*PROBLEM DESCRIPTION*
Collect every line in the records below that contains the word "terms".
(DATA IN THIS EXERCISE begins)
(* Fix $0\le\zeta_1<\zeta_2\le1$. For $\zeta_1<\zeta<\zeta_2$ define $$q(\zeta)=\frac{D(\zeta_2\|\zeta)\,(\zeta-\zeta_1)^2}{D(\zeta_1\|\zeta)\,(\zeta_2-\zeta)^2}.$$ Then $q$ is non-decreasing on $(\zeta_1,\zeta_2)$.
   Context: $D(p\|q)=p\log\frac pq+(1-p)\log\frac{1-p}{1-q}$ is the binary Kullback–Leibler divergence (natural log, with $0\log0=0$), defined for $p\in[0,1]$, $q\in(0,1)$. *)

theory Defs
  imports Complex_Main
begin

definition xlogxy :: "real \<Rightarrow> real \<Rightarrow> real" where
  "xlogxy x y = (if x = 0 then 0 else x * ln (x / y))"

definition binKL :: "real \<Rightarrow> real \<Rightarrow> real" where
  "binKL p q = xlogxy p q + xlogxy (1 - p) (1 - q)"

definition qfun :: "real \<Rightarrow> real \<Rightarrow> real \<Rightarrow> real" where
  "qfun z1 z2 z = (binKL z2 z * (z - z1)^2) / (binKL z1 z * (z2 - z)^2)"

end

theory Submission
  imports Defs "HOL-Real_Asymp.Real_Asymp"
begin

text \<open>
  The heart of the matter is a refinement of Pinsker's inequality,
  \<open>D(p\<parallel>q) \<ge> 3(p-q)\<^sup>2 / (6q(1-q) + 2(1-2q)(p-q))\<close>: the difference of both sides
  vanishes together with its derivative at \<open>p = q\<close> and is convex, the convexity being
  AM-GM for the three summands \<open>q(1-q)\<close>, \<open>p(1-q)\<close>, \<open>q(1-p)\<close> of the denominator.
  Since \<open>\<partial>D(p\<parallel>z)/\<partial>z = (z-p)/(z(1-z))\<close>, the logarithmic derivative of \<open>q\<close> is
  \<open>2/(z-\<zeta>\<^sub>1) + 2/(\<zeta>\<^sub>2-z) - (\<zeta>\<^sub>2-z)/(z(1-z)D(\<zeta>\<^sub>2\<parallel>z)) - (z-\<zeta>\<^sub>1)/(z(1-z)D(\<zeta>\<^sub>1\<parallel>z))\<close>,
  and the refined Pinsker bound at \<open>p = \<zeta>\<^sub>2\<close> and \<open>p = \<zeta>\<^sub>1\<close> bounds the two negative terms
  by the two positive ones up to the correction terms \<open>\<plusminus>2(1-2z)/(3z(1-z))\<close>, which cancel.
\<close>

lemma deriv_nonneg_imp_mono_on:
  fixes f f' :: "real \<Rightarrow> real"
  assumes "\<And>x. x \<in> {a<..<b} \<Longrightarrow> (f has_real_derivative f' x) (at x)"
    and "\<And>x. x \<in> {a<..<b} \<Longrightarrow> f' x \<ge> 0"
  shows "mono_on {a<..<b} f"
proof (rule mono_onI)
  fix r t assume "r \<in> {a<..<b}" "t \<in> {a<..<b}" "r \<le> t"
  then show "f r \<le> f t"
    using deriv_nonneg_imp_mono[of r t f f'] assms by auto
qed

lemma deriv_mono_imp_min:
  fixes f f' :: "real \<Rightarrow> real"
  assumes cont: "continuous_on {a..b} f"
    and deriv: "\<And>x. x \<in> {a<..<b} \<Longrightarrow> (f has_real_derivative f' x) (at x)"
    and mono: "mono_on {a<..<b} f'"
    and c: "c \<in> {a<..<b}" "f' c = 0"
    and x: "x \<in> {a..b}"
  shows "f c \<le> f x"
proof (cases "c \<le> x")
  case True
  show ?thesis
  proof (rule DERIV_nonneg_imp_increasing_open[OF True])
    fix y assume "c < y" "y < x"
    with c x have "y \<in> {a<..<b}" "f' c \<le> f' y"
      using mono_onD[OF mono, of c y] by auto
    then show "\<exists>d. (f has_real_derivative d) (at y) \<and> d \<ge> 0"
      using deriv c by auto
  qed (use cont c x in \<open>auto intro: continuous_on_subset\<close>)
next
  case False
  show ?thesis
  proof (rule DERIV_nonpos_imp_decreasing_open[of x c])
    fix y assume "x < y" "y < c"
    with c x have "y \<in> {a<..<b}" "f' y \<le> f' c"
      using mono_onD[OF mono, of y c] by auto
    then show "\<exists>d. (f has_real_derivative d) (at y) \<and> d \<le> 0"
      using deriv c by auto
  qed (use False cont c x in \<open>auto intro: continuous_on_subset\<close>)
qed

lemma arith_geo_mean_three:
  fixes x y w :: real
  assumes "x \<ge> 0" "y \<ge> 0" "w \<ge> 0"
  shows "27*x*y*w \<le> (x+y+w)^3"
proof -
  have "2*((x+y+w)^3 - 27*x*y*w)
        = (x+y+w)*((x-y)^2+(y-w)^2+(w-x)^2) + 6*(y*(x-w)^2 + x*(y-w)^2 + w*(x-y)^2)"
    by (simp add: power2_eq_square power3_eq_cube algebra_simps)
  also have "\<dots> \<ge> 0" using assms by simp
  finally show ?thesis by (simp add: algebra_simps)
qed

lemma quadratic_ratio_has_real_derivative:
  fixes s b c x :: real
  assumes L: "3*s + b*(x-c) \<noteq> 0"
  shows "((\<lambda>x. 3*(x-c)^2 / (2*(3*s + b*(x-c)))) has_real_derivative
           3*(x-c)*(6*s + b*(x-c)) / (2*(3*s + b*(x-c))^2)) (at x)"
proof -
  have alg: "(6*u * (2*L) - 3*u^2 * (2*b)) / (2*L * (2*L)) = 3*u*(6*s + b*u) / (2*L^2)"
    if "L = 3*s + b*u" "L \<noteq> 0" for u L :: real
    using that by (simp add: divide_simps) (simp add: algebra_simps power2_eq_square)
  have "((\<lambda>x. 3*(x-c)^2) has_real_derivative 6*(x-c)) (at x)"
       "((\<lambda>x. 2*(3*s + b*(x-c))) has_real_derivative 2*b) (at x)"
       "2*(3*s + b*(x-c)) \<noteq> 0"
    using L by (auto intro!: derivative_eq_intros)
  from DERIV_divide[OF this] show ?thesis
    by (rule DERIV_cong) (use alg[OF refl L] in simp)
qed

lemma quadratic_ratio_deriv_has_real_derivative:
  fixes s b c x :: real
  assumes L: "3*s + b*(x-c) \<noteq> 0"
  shows "((\<lambda>x. 3*(x-c)*(6*s + b*(x-c)) / (2*(3*s + b*(x-c))^2)) has_real_derivative
           27*s^2 / (3*s + b*(x-c))^3) (at x)"
proof -
  have alg: "((3*(6*s + b*u) + 3*u*b) * (2*L^2) - 3*u*(6*s + b*u) * (4*L*b)) / (2*L^2 * (2*L^2))
             = 27*s^2 / L^3"
    if "L = 3*s + b*u" "L \<noteq> 0" for u L :: real
  proof -
    have "(3*(6*s + b*u) + 3*u*b) * (2*L^2) - 3*u*(6*s + b*u) * (4*L*b) = 108*s^2*L"
      using that(1) by (simp add: algebra_simps power2_eq_square)
    then show ?thesis
      using that(2) by (simp add: divide_simps) (simp add: eval_nat_numeral)
  qed
  have "((\<lambda>x. 3*(x-c)*(6*s + b*(x-c))) has_real_derivative 3*(6*s + b*(x-c)) + 3*(x-c)*b) (at x)"
       "((\<lambda>x. 2*(3*s + b*(x-c))^2) has_real_derivative 4*(3*s + b*(x-c))*b) (at x)"
       "2*(3*s + b*(x-c))^2 \<noteq> 0"
    using L by (auto intro!: derivative_eq_intros simp: algebra_simps)
  from DERIV_divide[OF this] show ?thesis
    by (rule DERIV_cong) (use alg[OF refl L] in simp)
qed

lemma xlogxy_tendsto_zero:
  assumes "c > 0"
  shows "((\<lambda>x. xlogxy x c) \<longlongrightarrow> 0) (at_right 0)"
proof -
  have "((\<lambda>x::real. x * ln x - x * ln c) \<longlongrightarrow> 0) (at_right 0)"
    by real_asymp
  moreover have "eventually (\<lambda>x. x * ln x - x * ln c = xlogxy x c) (at_right 0)"
    using eventually_at_right_less[of 0]
    by eventually_elim (use assms in \<open>auto simp: xlogxy_def ln_div algebra_simps\<close>)
  ultimately show ?thesis
    using tendsto_cong by fastforce
qed
definition exprel :: "complex \<Rightarrow> complex" where
  "exprel z = (if z = 0 then 1 else (exp z - 1) / z)"

lemma exprel_field_differentiable: "z \<noteq> 0 \<Longrightarrow> exprel field_differentiable at z"
proof -
  assume z: "z \<noteq> 0"
  have "((\<lambda>z. (exp z - 1) / z) has_field_derivative ((exp z * z - (exp z - 1)) / z^2)) (at z)"
    using z by (auto intro!: derivative_eq_intros simp: power2_eq_square)
  then have "(exprel has_field_derivative ((exp z * z - (exp z - 1)) / z^2)) (at z)"
    by (rule has_field_derivative_transform_within_open[of _ _ z "-{0}"])
       (use z in \<open>auto simp: exprel_def\<close>)
  then show ?thesis unfolding field_differentiable_def by blast
qed

lemma continuous_on_exprel: "continuous_on UNIV exprel"
proof -
  have "isCont exprel z" for z
  proof (cases "z = 0")
    case True
    have "((\<lambda>y. (exp y - 1) / y) \<longlongrightarrow> exprel 0) (at (0::complex))"
      using DERIV_exp[of 0] unfolding has_field_derivative_iff by (simp add: exprel_def)
    then have "(exprel \<longlongrightarrow> exprel 0) (at 0)"
      by (rule Lim_transform_eventually) (simp add: eventually_at_filter exprel_def)
    then show ?thesis using True isCont_def by blast
  next
    case False
    then show ?thesis by (intro field_differentiable_imp_continuous_at exprel_field_differentiable)
  qed
  then show ?thesis by (simp add: continuous_at_imp_continuous_on)
qed
text \<open>Pushing the mass outside the ball radially onto its boundary moves it strictly closer to
  every point of the ball.\<close>
lemma mix_dens_less_distr_radial_proj:
  fixes \<nu> :: "'a::euclidean_space measure"
  assumes "\<sigma> \<noteq> 0" and \<nu>: "\<nu> \<in> mixing_measures" and "\<not> (AE \<theta> in \<nu>. norm \<theta> \<le> M)"
    and "norm y \<le> M"
  shows "mix_dens \<sigma> \<nu> y < mix_dens \<sigma> (distr \<nu> borel (radial_proj M)) y"
proof -
  interpret prob_space \<nu>
    using mixing_measuresD(1)[OF \<nu>] .
  define A where "A = {\<theta>::'a. M < norm \<theta>}"
  have proj_meas: "radial_proj M \<in> measurable \<nu> borel"
    by (rule borel_measurable_mixing[OF \<nu>]) simp
  have A_sets: "A \<in> sets \<nu>"
    unfolding A_def mixing_measuresD(2)[OF \<nu>] by measurable
  have "space \<nu> = UNIV"
    using sets_eq_imp_space_eq[OF mixing_measuresD(2)[OF \<nu>]] by simp
  then have A_pos: "emeasure \<nu> A \<noteq> 0"
    using assms(3) AE_iff_measurable[OF A_sets, of "\<lambda>\<theta>. norm \<theta> \<le> M"] by (auto simp: A_def not_le)
  have "mix_dens \<sigma> \<nu> y < integral\<^sup>L \<nu> (\<lambda>\<theta>. gauss_dens \<sigma> (y - radial_proj M \<theta>))"
    unfolding mix_dens_def
  proof (rule integral_less_AE[OF integrable_mixing_gauss_dens[OF \<nu>] _ A_pos A_sets])
    show "integrable \<nu> (\<lambda>\<theta>. gauss_dens \<sigma> (y - radial_proj M \<theta>))"
      using integrable_mixing_gauss_dens[OF distr_radial_proj_mixing[OF \<nu>, of M], of \<sigma> y]
      by (simp add: integrable_distr_eq[OF proj_meas])
    show "AE \<theta> in \<nu>. \<theta> \<in> A \<longrightarrow> gauss_dens \<sigma> (y - \<theta>) \<noteq> gauss_dens \<sigma> (y - radial_proj M \<theta>)"
    proof (intro AE_I2 impI)
      fix \<theta> assume "\<theta> \<in> A"
      then have "norm (y - radial_proj M \<theta>) < norm (y - \<theta>)"
        using assms(4) by (intro norm_diff_radial_proj_less) (auto simp: A_def)
      then show "gauss_dens \<sigma> (y - \<theta>) \<noteq> gauss_dens \<sigma> (y - radial_proj M \<theta>)"
        using gauss_dens_strict_antimono[OF assms(1)] by fastforce
    qed
    show "AE \<theta> in \<nu>. gauss_dens \<sigma> (y - \<theta>) \<le> gauss_dens \<sigma> (y - radial_proj M \<theta>)"
      using assms(4) by (auto intro: gauss_dens_antimono norm_diff_radial_proj_le)
  qed
  also have "\<dots> = mix_dens \<sigma> (distr \<nu> borel (radial_proj M)) y"
    unfolding mix_dens_def by (rule integral_distr[symmetric, OF proj_meas]) measurable
  finally show ?thesis .
qed

lemma npmle_mixing_AE_norm_le:
  fixes Y :: "nat \<Rightarrow> 'a::euclidean_space"
  assumes "\<sigma> \<noteq> 0" and npmle: "npmle_mixing \<sigma> n Y \<nu>" and "n \<ge> 1" and "\<forall>i<n. norm (Y i) \<le> M"
  shows "AE \<theta> in \<nu>. norm \<theta> \<le> M"
proof (rule ccontr)
  assume not_AE: "\<not> (AE \<theta> in \<nu>. norm \<theta> \<le> M)"
  define \<mu> where "\<mu> = distr \<nu> borel (radial_proj M)"
  have \<nu>: "\<nu> \<in> mixing_measures"
    using npmle by (simp add: npmle_mixing_def)
  then have \<mu>: "\<mu> \<in> mixing_measures"
    unfolding \<mu>_def by (rule distr_radial_proj_mixing)
  have "(\<Sum>i<n. ln (mix_dens \<sigma> \<nu> (Y i))) < (\<Sum>i<n. ln (mix_dens \<sigma> \<mu> (Y i)))"
  proof (rule sum_strict_mono)
    fix i assume "i \<in> {..<n}"
    then have "mix_dens \<sigma> \<nu> (Y i) < mix_dens \<sigma> \<mu> (Y i)"
      unfolding \<mu>_def using assms(1,4) \<nu> not_AE by (intro mix_dens_less_distr_radial_proj) auto
    then show "ln (mix_dens \<sigma> \<nu> (Y i)) < ln (mix_dens \<sigma> \<mu> (Y i))"
      using mix_dens_pos[OF assms(1) \<nu>] mix_dens_pos[OF assms(1) \<mu>] by simp
  qed (use assms(3) in \<open>auto simp: lessThan_empty_iff\<close>)
  with npmle \<mu> show False
    unfolding npmle_mixing_def by fastforce
qed

section \<open>Moments under a Hellinger constraint\<close>

lemma nn_integral_sqrt_diff_square_le_hellinger:
  fixes f g :: "'a::euclidean_space \<Rightarrow> real"
  assumes f: "integrable lborel f" "\<And>y. 0 \<le> f y" and g: "integrable lborel g" "\<And>y. 0 \<le> g y"
    and "hellinger f g \<le> h"
  shows "(\<integral>\<^sup>+y. ennreal ((sqrt (f y) - sqrt (g y))\<^sup>2) \<partial>lborel) \<le> ennreal (h\<^sup>2)"
proof -
  define D where "D = (\<lambda>y. (sqrt (f y) - sqrt (g y))\<^sup>2)"
  have D_le: "D y \<le> 2 * f y + 2 * g y" for y
  proof -
    have "0 \<le> (sqrt (f y) + sqrt (g y))\<^sup>2"
      by simp
    then show ?thesis
      using f(2)[of y] g(2)[of y] unfolding D_def power2_eq_square by (simp add: algebra_simps)
  qed
  have D_int: "integrable lborel D"
  proof (rule Bochner_Integration.integrable_bound)
    show "integrable lborel (\<lambda>y. 2 * f y + 2 * g y)"
      using f(1) g(1) by simp
    show "D \<in> borel_measurable lborel"
      unfolding D_def using f(1) g(1) by measurable
    show "AE y in lborel. norm (D y) \<le> norm (2 * f y + 2 * g y)"
      using D_le f(2) g(2) by (intro AE_I2) (simp add: D_def)
  qed
  have "integral\<^sup>L lborel D \<le> h\<^sup>2"
    using assms(5) by (intro sqrt_le_D) (simp add: hellinger_def D_def)
  moreover have "(\<integral>\<^sup>+y. ennreal (D y) \<partial>lborel) = ennreal (integral\<^sup>L lborel D)"
    by (intro nn_integral_eq_integral D_int) (simp add: D_def)
  ultimately show ?thesis
    by (simp add: D_def ennreal_leI)
qed

lemma nn_integral_norm_powr_le_of_AE_bound:
  assumes "prob_space \<nu>" and "AE \<theta> in \<nu>. norm \<theta> \<le> M" and "p \<ge> 0"
  shows "(\<integral>\<^sup>+\<theta>. ennreal (norm \<theta> powr p) \<partial>\<nu>) \<le> ennreal (M powr p)"
proof -
  interpret prob_space \<nu>
    by (rule assms(1))
  have "(\<integral>\<^sup>+\<theta>. ennreal (norm \<theta> powr p) \<partial>\<nu>) \<le> (\<integral>\<^sup>+\<theta>. ennreal (M powr p) \<partial>\<nu>)"
    using assms(2,3) by (intro nn_integral_mono_AE) (auto elim!: eventually_mono intro!: ennreal_leI powr_mono2)
  then show ?thesis
    by (simp add: emeasure_space_1)
qed

lemma norm_powr_mult_mix_dens_le:
  fixes \<nu> :: "'a::euclidean_space measure" and y :: 'a
  assumes \<nu>: "\<nu> \<in> mixing_measures" and AE_bound: "AE \<theta> in \<nu>. norm \<theta> \<le> M" and "p \<ge> 0" and "0 \<le> a"
  shows "norm y powr p * mix_dens \<sigma> \<nu> y
    \<le> 2 * (norm y powr p * a) + 2 * (2 * M) powr p * (sqrt a - sqrt (mix_dens \<sigma> \<nu> y))\<^sup>2
      + 2 powr real DIM('a) * (norm y powr p * gauss_dens (2 * \<sigma>) y)"
    (is "?m \<le> ?near + ?far")
proof (cases "norm y < 2 * M")
  case True
  define D where "D = (sqrt a - sqrt (mix_dens \<sigma> \<nu> y))\<^sup>2"
  have "c\<^sup>2 \<le> 2 * b\<^sup>2 + 2 * (b - c)\<^sup>2" for b c :: real
    using zero_le_power2[of "2 * b - c"] unfolding power2_eq_square by (simp add: algebra_simps)
  from this[where b = "sqrt a" and c = "sqrt (mix_dens \<sigma> \<nu> y)"]
  have "mix_dens \<sigma> \<nu> y \<le> 2 * a + 2 * D"
    using \<open>0 \<le> a\<close> by (simp add: D_def)
  then have "?m \<le> norm y powr p * (2 * a + 2 * D)"
    by (rule mult_left_mono) simp
  also have "\<dots> = 2 * (norm y powr p * a) + 2 * (norm y powr p * D)"
    by (simp add: algebra_simps)
  also have "norm y powr p * D \<le> (2 * M) powr p * D"
    using True \<open>p \<ge> 0\<close> by (intro mult_right_mono powr_mono2) (auto simp: D_def)
  finally have "?m \<le> ?near"
    by (simp add: D_def mult.assoc)
  then show ?thesis
    by (simp add: add_increasing2)
next
  case False
  then have "mix_dens \<sigma> \<nu> y \<le> 2 powr real DIM('a) * gauss_dens (2 * \<sigma>) y"
    by (intro mix_dens_le_far[OF \<nu> AE_bound]) simp
  then have "?m \<le> norm y powr p * (2 powr real DIM('a) * gauss_dens (2 * \<sigma>) y)"
    by (rule mult_left_mono) simp
  then have "?m \<le> ?far"
    by (simp only: mult.left_commute)
  moreover have "0 \<le> ?near"
    using \<open>0 \<le> a\<close> by simp
  ultimately show ?thesis
    by linarith
qed

lemma nn_integral_mix_dens_moment_le:
  fixes \<nu> :: "'a::euclidean_space measure" and f :: "'a \<Rightarrow> real"
  assumes \<nu>: "\<nu> \<in> mixing_measures" and AE_bound: "AE \<theta> in \<nu>. norm \<theta> \<le> M" and "p \<ge> 0"
    and f: "\<And>y. 0 \<le> f y" "f \<in> borel_measurable borel"
  shows "(\<integral>\<^sup>+y. ennreal (norm y powr p * mix_dens \<sigma> \<nu> y) \<partial>lborel)
    \<le> 2 * (\<integral>\<^sup>+y. ennreal (norm y powr p * f y) \<partial>lborel)
      + ennreal (2 * (2 * M) powr p) * (\<integral>\<^sup>+y. ennreal ((sqrt (f y) - sqrt (mix_dens \<sigma> \<nu> y))\<^sup>2) \<partial>lborel)
      + ennreal (2 powr real DIM('a)) * (\<integral>\<^sup>+y. ennreal (norm (y::'a) powr p * gauss_dens (2 * \<sigma>) y) \<partial>lborel)"
proof -
  define D where "D = (\<lambda>y. (sqrt (f y) - sqrt (mix_dens \<sigma> \<nu> y))\<^sup>2)"
  define c1 where "c1 = 2 * (2 * M) powr p"
  define c2 :: real where "c2 = 2 powr real DIM('a)"
  have [measurable]: "mix_dens \<sigma> \<nu> \<in> borel_measurable borel" "f \<in> borel_measurable borel"
    using borel_measurable_mix_dens[OF \<nu>] f(2) by auto
  have [measurable]: "D \<in> borel_measurable borel"
    unfolding D_def by measurable
  have "ennreal (norm y powr p * mix_dens \<sigma> \<nu> y)
      \<le> 2 * ennreal (norm y powr p * f y) + ennreal c1 * ennreal (D y)
        + ennreal c2 * ennreal (norm y powr p * gauss_dens (2 * \<sigma>) y)" for y
  proof -
    have "ennreal (norm y powr p * mix_dens \<sigma> \<nu> y)
        \<le> ennreal (2 * (norm y powr p * f y) + c1 * D y + c2 * (norm y powr p * gauss_dens (2 * \<sigma>) y))"
      unfolding c1_def c2_def D_def
      using norm_powr_mult_mix_dens_le[OF \<nu> AE_bound \<open>p \<ge> 0\<close> f(1)] by (intro ennreal_leI) simp
    also have "\<dots> = ennreal (2 * (norm y powr p * f y)) + ennreal (c1 * D y)
        + ennreal (c2 * (norm y powr p * gauss_dens (2 * \<sigma>) y))"
      using f(1)[of y] by (simp add: c1_def c2_def D_def)
    also have "\<dots> = 2 * ennreal (norm y powr p * f y) + ennreal c1 * ennreal (D y)
        + ennreal c2 * ennreal (norm y powr p * gauss_dens (2 * \<sigma>) y)"
      using f(1)[of y] by (simp add: c1_def c2_def D_def ennreal_mult)
    finally show ?thesis .
  qed
  then have "(\<integral>\<^sup>+y. ennreal (norm y powr p * mix_dens \<sigma> \<nu> y) \<partial>lborel)
      \<le> (\<integral>\<^sup>+y. 2 * ennreal (norm y powr p * f y) + ennreal c1 * ennreal (D y)
          + ennreal c2 * ennreal (norm y powr p * gauss_dens (2 * \<sigma>) y) \<partial>lborel)"
    by (rule nn_integral_mono)
  also have "\<dots> = 2 * (\<integral>\<^sup>+y. ennreal (norm y powr p * f y) \<partial>lborel)
      + ennreal c1 * (\<integral>\<^sup>+y. ennreal (D y) \<partial>lborel)
      + ennreal c2 * (\<integral>\<^sup>+y. ennreal (norm (y::'a) powr p * gauss_dens (2 * \<sigma>) y) \<partial>lborel)"
    by (simp add: nn_integral_add nn_integral_cmult)
  finally show ?thesis
    unfolding D_def c1_def c2_def .
qed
(DATA IN THIS EXERCISE ends)
*RESULT*
  and the refined Pinsker bound at \<open>p = \<zeta>\<^sub>2\<close> and \<open>p = \<zeta>\<^sub>1\<close> bounds the two negative terms
  by the two positive ones up to the correction terms \<open>\<plusminus>2(1-2z)/(3z(1-z))\<close>, which cancel.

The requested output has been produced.